> _What you have to do_
In the data below, find the line that contains "1)) = ennreal" and the line that contains "(- \<sigma>) = jbr". Copy both, plus every line between them, exactly.

----- Supplied records -----

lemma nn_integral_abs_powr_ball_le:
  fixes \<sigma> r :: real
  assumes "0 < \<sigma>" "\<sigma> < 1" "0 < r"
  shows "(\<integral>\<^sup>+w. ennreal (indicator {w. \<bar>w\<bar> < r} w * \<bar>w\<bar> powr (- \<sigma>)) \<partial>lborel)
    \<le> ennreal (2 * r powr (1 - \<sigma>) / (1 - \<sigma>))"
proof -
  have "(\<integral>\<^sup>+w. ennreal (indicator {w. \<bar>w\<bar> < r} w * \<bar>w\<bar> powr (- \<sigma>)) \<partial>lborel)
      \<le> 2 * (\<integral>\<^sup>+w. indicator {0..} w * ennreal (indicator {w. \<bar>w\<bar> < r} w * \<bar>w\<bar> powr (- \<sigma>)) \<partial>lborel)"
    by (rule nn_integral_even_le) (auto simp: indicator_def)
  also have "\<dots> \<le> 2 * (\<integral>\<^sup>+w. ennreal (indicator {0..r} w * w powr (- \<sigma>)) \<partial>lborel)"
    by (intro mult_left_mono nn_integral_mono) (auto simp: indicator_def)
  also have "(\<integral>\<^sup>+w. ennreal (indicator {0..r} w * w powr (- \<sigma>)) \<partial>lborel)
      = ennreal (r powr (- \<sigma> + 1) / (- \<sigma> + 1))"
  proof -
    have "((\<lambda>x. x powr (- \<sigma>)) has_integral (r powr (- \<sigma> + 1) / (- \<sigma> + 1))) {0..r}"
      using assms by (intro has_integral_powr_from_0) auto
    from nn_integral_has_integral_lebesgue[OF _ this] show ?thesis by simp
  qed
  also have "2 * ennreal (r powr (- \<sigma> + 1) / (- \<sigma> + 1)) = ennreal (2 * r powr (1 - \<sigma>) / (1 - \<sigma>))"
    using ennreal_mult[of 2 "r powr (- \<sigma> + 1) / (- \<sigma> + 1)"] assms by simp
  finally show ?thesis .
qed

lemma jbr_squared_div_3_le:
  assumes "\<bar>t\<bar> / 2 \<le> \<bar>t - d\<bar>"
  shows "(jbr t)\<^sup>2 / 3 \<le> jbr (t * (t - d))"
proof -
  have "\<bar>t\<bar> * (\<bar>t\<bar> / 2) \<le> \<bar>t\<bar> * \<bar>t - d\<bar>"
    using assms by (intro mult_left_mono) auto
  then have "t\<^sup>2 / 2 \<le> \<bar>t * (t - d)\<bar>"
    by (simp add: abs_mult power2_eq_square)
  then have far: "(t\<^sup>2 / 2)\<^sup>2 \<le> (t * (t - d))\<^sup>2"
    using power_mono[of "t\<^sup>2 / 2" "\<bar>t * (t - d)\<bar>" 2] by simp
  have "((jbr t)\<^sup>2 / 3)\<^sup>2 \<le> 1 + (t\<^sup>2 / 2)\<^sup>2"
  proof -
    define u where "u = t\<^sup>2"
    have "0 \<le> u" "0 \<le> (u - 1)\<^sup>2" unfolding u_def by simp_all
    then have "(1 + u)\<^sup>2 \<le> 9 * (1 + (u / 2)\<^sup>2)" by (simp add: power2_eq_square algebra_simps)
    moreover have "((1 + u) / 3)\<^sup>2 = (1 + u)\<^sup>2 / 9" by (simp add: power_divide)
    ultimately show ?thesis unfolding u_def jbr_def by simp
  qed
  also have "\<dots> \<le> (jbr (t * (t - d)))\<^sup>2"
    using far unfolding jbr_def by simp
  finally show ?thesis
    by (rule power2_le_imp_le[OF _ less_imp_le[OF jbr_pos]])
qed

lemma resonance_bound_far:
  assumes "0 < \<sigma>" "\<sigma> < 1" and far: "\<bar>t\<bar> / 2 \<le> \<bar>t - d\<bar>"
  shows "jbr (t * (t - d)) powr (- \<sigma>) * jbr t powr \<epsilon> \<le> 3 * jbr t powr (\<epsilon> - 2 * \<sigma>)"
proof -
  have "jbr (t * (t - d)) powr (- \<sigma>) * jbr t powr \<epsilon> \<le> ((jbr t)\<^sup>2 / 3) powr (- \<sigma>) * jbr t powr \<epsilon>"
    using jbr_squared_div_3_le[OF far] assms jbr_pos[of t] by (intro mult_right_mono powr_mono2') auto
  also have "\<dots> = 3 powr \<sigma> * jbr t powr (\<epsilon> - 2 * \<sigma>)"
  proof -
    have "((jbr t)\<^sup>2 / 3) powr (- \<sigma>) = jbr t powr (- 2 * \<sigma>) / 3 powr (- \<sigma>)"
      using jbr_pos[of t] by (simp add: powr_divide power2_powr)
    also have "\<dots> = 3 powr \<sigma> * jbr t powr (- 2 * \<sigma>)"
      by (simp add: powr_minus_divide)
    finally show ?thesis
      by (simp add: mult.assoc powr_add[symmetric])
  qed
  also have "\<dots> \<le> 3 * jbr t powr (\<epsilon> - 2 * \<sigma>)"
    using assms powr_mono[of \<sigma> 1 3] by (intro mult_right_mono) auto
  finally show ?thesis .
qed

-----
----- Supplied records -----

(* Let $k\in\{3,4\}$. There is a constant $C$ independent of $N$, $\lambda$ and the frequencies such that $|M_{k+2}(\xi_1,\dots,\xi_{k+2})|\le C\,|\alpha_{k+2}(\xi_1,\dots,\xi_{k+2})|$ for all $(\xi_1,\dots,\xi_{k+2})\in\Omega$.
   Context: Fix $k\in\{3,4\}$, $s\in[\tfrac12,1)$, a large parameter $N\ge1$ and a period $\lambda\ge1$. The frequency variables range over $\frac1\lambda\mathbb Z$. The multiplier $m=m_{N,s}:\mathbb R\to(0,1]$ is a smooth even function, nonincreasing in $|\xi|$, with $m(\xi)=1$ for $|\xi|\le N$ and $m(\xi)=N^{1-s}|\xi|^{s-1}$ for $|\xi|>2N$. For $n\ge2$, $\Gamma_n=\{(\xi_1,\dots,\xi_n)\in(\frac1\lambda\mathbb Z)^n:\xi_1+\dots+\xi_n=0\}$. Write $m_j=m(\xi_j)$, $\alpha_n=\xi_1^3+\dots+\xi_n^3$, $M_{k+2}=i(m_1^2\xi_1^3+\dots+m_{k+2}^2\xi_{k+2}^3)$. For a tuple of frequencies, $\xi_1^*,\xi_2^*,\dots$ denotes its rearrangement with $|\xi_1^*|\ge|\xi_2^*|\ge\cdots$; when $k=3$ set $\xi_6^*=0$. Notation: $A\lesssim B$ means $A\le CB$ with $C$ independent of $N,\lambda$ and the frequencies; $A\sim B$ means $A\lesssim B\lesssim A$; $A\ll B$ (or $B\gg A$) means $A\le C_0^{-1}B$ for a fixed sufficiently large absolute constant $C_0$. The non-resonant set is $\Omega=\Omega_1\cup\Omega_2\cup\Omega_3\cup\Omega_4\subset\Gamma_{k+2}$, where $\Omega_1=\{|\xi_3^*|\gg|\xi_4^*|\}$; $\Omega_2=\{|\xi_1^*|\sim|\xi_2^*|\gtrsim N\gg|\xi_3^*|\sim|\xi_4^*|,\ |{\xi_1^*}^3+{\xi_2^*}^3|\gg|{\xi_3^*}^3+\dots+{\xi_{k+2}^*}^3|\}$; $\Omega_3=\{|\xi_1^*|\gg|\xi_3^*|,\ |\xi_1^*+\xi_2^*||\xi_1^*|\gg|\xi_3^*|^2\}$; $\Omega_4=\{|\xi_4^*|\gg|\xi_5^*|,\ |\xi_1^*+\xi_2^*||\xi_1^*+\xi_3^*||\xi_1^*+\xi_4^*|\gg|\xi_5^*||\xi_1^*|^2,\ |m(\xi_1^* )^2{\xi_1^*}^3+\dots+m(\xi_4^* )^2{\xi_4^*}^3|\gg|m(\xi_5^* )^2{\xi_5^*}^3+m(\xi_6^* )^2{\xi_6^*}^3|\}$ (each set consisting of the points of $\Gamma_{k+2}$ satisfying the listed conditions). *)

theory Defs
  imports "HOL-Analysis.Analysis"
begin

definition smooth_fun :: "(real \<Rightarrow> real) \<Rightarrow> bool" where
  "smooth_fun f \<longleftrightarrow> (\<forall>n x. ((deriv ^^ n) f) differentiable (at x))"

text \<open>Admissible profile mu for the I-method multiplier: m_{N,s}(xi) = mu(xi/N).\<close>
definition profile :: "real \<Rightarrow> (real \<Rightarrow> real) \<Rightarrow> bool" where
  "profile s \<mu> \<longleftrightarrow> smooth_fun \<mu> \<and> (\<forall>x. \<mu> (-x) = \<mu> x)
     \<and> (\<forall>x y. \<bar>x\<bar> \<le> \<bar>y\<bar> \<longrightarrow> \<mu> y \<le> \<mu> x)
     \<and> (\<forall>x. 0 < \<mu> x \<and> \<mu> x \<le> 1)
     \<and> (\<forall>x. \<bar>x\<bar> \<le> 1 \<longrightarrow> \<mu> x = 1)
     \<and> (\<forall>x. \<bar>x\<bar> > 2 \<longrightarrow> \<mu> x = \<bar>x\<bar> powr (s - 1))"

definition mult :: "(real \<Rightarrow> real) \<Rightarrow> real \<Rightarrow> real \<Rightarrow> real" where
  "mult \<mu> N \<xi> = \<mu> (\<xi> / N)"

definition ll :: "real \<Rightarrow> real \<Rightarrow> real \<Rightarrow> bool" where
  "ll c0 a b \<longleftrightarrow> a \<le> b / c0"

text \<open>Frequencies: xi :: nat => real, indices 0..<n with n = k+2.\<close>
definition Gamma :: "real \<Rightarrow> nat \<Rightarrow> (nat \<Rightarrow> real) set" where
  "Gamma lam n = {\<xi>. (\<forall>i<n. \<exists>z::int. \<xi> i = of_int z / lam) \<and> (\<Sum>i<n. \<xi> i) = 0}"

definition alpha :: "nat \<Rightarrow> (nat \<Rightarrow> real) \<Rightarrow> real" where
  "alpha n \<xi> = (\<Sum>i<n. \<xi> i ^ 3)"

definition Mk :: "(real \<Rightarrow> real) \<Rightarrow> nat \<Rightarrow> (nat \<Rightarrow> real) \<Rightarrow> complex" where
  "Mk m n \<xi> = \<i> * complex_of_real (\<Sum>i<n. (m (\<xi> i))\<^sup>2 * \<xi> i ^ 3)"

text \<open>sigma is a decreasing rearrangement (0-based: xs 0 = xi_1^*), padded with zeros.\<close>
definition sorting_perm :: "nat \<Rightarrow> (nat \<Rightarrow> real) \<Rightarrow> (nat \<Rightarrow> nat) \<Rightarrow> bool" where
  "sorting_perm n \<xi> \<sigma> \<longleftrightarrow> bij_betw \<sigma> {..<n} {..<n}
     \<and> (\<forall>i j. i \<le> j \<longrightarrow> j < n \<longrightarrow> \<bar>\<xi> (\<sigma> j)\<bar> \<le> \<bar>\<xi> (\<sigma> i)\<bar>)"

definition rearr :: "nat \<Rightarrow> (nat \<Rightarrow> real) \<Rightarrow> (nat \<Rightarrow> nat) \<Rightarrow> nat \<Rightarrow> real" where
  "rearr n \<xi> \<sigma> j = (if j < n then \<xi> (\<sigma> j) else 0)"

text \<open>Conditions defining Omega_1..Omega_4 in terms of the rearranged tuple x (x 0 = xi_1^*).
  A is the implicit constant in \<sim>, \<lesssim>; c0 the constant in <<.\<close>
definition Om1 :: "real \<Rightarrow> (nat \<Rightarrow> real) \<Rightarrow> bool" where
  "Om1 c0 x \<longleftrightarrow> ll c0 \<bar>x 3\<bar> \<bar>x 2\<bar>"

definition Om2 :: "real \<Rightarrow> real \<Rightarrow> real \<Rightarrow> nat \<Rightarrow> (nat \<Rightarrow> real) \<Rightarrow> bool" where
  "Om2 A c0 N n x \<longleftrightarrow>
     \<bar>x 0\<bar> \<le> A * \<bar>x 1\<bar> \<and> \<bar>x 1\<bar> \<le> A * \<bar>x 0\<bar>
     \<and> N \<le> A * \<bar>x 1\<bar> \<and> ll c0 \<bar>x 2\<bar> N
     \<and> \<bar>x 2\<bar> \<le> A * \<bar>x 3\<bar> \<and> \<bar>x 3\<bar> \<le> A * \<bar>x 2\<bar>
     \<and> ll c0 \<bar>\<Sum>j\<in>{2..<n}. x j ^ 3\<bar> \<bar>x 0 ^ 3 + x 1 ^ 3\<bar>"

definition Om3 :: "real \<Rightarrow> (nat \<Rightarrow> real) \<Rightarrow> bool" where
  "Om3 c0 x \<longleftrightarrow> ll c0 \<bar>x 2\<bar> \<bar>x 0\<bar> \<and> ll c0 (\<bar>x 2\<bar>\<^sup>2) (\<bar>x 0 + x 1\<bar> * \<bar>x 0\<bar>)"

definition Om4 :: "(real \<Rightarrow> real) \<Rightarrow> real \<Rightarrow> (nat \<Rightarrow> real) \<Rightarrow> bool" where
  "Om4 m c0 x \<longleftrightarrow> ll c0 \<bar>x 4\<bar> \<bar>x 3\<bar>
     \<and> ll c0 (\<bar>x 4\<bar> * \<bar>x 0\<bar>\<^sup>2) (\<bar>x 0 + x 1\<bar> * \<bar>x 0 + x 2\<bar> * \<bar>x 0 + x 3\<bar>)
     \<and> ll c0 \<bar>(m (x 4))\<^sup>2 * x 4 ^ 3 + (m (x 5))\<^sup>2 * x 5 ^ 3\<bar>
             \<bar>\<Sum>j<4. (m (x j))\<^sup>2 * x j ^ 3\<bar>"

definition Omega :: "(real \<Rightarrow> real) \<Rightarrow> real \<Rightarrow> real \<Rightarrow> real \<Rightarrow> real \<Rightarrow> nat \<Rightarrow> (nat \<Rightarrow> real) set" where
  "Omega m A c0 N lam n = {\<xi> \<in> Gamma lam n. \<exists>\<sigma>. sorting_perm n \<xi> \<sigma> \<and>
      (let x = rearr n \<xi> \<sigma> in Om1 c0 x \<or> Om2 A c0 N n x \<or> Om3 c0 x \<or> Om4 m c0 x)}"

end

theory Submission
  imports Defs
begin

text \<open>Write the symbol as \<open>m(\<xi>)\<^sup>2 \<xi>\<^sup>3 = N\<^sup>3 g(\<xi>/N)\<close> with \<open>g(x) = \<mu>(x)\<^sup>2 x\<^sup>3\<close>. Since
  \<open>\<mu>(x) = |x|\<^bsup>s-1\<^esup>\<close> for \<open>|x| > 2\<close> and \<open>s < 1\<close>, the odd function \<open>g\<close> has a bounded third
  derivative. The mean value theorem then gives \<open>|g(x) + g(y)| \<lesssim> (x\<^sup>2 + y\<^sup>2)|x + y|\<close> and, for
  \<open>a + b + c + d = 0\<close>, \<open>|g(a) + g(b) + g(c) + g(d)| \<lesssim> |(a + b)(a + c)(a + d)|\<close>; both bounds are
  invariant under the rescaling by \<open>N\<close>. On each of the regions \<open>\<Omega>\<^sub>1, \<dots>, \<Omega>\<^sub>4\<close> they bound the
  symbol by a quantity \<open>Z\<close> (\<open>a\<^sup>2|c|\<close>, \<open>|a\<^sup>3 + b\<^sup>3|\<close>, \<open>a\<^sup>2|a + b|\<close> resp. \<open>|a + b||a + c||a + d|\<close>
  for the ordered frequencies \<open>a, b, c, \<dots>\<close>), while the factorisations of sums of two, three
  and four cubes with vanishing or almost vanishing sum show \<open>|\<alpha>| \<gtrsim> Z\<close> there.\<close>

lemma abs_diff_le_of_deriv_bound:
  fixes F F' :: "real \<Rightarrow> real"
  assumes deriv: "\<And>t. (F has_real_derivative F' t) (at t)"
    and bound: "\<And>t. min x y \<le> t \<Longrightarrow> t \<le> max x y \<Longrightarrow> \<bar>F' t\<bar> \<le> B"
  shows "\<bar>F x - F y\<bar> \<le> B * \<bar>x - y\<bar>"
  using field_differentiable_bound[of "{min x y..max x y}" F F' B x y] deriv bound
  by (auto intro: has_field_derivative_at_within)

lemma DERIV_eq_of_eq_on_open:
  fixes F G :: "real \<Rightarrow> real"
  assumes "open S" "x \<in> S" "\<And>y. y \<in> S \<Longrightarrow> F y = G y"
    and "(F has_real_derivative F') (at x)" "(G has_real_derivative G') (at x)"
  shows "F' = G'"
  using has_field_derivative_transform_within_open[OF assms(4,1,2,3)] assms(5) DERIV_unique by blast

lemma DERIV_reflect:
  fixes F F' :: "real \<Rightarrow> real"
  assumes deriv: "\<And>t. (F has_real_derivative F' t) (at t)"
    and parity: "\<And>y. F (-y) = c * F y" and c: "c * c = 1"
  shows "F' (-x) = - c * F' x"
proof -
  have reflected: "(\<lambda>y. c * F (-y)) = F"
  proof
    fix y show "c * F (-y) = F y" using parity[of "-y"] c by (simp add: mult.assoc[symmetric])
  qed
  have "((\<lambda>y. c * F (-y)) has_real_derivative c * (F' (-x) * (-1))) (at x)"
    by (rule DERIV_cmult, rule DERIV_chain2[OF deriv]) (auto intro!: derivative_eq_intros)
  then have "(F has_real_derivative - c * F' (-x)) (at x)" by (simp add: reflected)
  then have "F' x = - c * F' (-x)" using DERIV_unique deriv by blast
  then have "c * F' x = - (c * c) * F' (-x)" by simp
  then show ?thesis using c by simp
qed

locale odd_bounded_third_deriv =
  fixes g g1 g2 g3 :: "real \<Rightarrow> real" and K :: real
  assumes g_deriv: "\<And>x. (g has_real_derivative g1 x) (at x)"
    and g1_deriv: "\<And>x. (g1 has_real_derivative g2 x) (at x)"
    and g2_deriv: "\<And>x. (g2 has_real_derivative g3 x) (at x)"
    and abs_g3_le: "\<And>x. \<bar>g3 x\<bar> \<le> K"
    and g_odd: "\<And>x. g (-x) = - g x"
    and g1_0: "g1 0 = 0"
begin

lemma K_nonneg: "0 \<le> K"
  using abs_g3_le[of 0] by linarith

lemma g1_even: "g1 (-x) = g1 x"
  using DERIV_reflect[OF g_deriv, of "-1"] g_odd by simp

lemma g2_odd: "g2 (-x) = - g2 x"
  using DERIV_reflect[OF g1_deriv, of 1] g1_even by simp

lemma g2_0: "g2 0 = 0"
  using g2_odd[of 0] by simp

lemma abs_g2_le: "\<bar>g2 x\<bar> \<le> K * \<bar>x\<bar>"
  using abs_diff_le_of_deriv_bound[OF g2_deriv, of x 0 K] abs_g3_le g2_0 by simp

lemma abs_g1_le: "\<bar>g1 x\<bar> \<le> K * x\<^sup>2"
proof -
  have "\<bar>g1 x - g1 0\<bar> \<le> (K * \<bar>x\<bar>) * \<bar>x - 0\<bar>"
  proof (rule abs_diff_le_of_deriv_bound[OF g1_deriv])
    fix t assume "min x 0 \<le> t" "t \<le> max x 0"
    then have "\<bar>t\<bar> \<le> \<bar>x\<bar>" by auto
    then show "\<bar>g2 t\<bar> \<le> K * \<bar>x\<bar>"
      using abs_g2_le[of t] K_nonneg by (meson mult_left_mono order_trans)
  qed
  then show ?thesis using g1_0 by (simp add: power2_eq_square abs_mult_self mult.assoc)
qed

-----

> _Solution to the problem_
  also have "2 * ennreal (r powr (- \<sigma> + 1) / (- \<sigma> + 1)) = ennreal (2 * r powr (1 - \<sigma>) / (1 - \<sigma>))"
    using ennreal_mult[of 2 "r powr (- \<sigma> + 1) / (- \<sigma> + 1)"] assms by simp
  finally show ?thesis .
qed

lemma jbr_squared_div_3_le:
  assumes "\<bar>t\<bar> / 2 \<le> \<bar>t - d\<bar>"
  shows "(jbr t)\<^sup>2 / 3 \<le> jbr (t * (t - d))"
proof -
  have "\<bar>t\<bar> * (\<bar>t\<bar> / 2) \<le> \<bar>t\<bar> * \<bar>t - d\<bar>"
    using assms by (intro mult_left_mono) auto
  then have "t\<^sup>2 / 2 \<le> \<bar>t * (t - d)\<bar>"
    by (simp add: abs_mult power2_eq_square)
  then have far: "(t\<^sup>2 / 2)\<^sup>2 \<le> (t * (t - d))\<^sup>2"
    using power_mono[of "t\<^sup>2 / 2" "\<bar>t * (t - d)\<bar>" 2] by simp
  have "((jbr t)\<^sup>2 / 3)\<^sup>2 \<le> 1 + (t\<^sup>2 / 2)\<^sup>2"
  proof -
    define u where "u = t\<^sup>2"
    have "0 \<le> u" "0 \<le> (u - 1)\<^sup>2" unfolding u_def by simp_all
    then have "(1 + u)\<^sup>2 \<le> 9 * (1 + (u / 2)\<^sup>2)" by (simp add: power2_eq_square algebra_simps)
    moreover have "((1 + u) / 3)\<^sup>2 = (1 + u)\<^sup>2 / 9" by (simp add: power_divide)
    ultimately show ?thesis unfolding u_def jbr_def by simp
  qed
  also have "\<dots> \<le> (jbr (t * (t - d)))\<^sup>2"
    using far unfolding jbr_def by simp
  finally show ?thesis
    by (rule power2_le_imp_le[OF _ less_imp_le[OF jbr_pos]])
qed

lemma resonance_bound_far:
  assumes "0 < \<sigma>" "\<sigma> < 1" and far: "\<bar>t\<bar> / 2 \<le> \<bar>t - d\<bar>"
  shows "jbr (t * (t - d)) powr (- \<sigma>) * jbr t powr \<epsilon> \<le> 3 * jbr t powr (\<epsilon> - 2 * \<sigma>)"
proof -
  have "jbr (t * (t - d)) powr (- \<sigma>) * jbr t powr \<epsilon> \<le> ((jbr t)\<^sup>2 / 3) powr (- \<sigma>) * jbr t powr \<epsilon>"
    using jbr_squared_div_3_le[OF far] assms jbr_pos[of t] by (intro mult_right_mono powr_mono2') auto
  also have "\<dots> = 3 powr \<sigma> * jbr t powr (\<epsilon> - 2 * \<sigma>)"
  proof -
    have "((jbr t)\<^sup>2 / 3) powr (- \<sigma>) = jbr t powr (- 2 * \<sigma>) / 3 powr (- \<sigma>)"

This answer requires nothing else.